Provided records:

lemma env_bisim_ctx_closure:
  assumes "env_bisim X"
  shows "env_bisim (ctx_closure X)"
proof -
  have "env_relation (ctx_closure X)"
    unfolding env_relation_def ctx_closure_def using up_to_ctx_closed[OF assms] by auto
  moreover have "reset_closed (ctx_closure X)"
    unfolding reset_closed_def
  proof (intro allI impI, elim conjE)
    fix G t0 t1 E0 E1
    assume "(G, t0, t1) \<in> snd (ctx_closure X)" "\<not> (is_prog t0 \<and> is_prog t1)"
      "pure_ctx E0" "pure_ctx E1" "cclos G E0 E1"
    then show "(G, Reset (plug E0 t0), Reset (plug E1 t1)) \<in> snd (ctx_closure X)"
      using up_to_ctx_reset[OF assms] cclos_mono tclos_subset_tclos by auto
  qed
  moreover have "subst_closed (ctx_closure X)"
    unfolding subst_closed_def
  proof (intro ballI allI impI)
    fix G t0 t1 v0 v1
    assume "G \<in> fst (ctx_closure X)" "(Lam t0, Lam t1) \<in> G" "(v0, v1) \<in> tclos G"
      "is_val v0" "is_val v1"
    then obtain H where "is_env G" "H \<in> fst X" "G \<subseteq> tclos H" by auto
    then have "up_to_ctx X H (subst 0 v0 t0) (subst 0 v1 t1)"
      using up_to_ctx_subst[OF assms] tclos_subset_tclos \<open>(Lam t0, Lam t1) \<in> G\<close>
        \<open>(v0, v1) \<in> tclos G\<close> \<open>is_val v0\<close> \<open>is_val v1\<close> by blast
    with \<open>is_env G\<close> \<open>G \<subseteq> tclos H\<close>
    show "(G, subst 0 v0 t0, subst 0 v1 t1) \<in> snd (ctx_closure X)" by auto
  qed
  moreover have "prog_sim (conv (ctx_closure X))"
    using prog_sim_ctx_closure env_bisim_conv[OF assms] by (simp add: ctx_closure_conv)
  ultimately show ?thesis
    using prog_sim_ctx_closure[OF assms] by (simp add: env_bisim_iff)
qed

Exercise goal: Copy every line of the data that carries the word "then".

Your response:
    then show "(G, Reset (plug E0 t0), Reset (plug E1 t1)) \<in> snd (ctx_closure X)"
    then obtain H where "is_env G" "H \<in> fst X" "G \<subseteq> tclos H" by auto
    then have "up_to_ctx X H (subst 0 v0 t0) (subst 0 v1 t1)"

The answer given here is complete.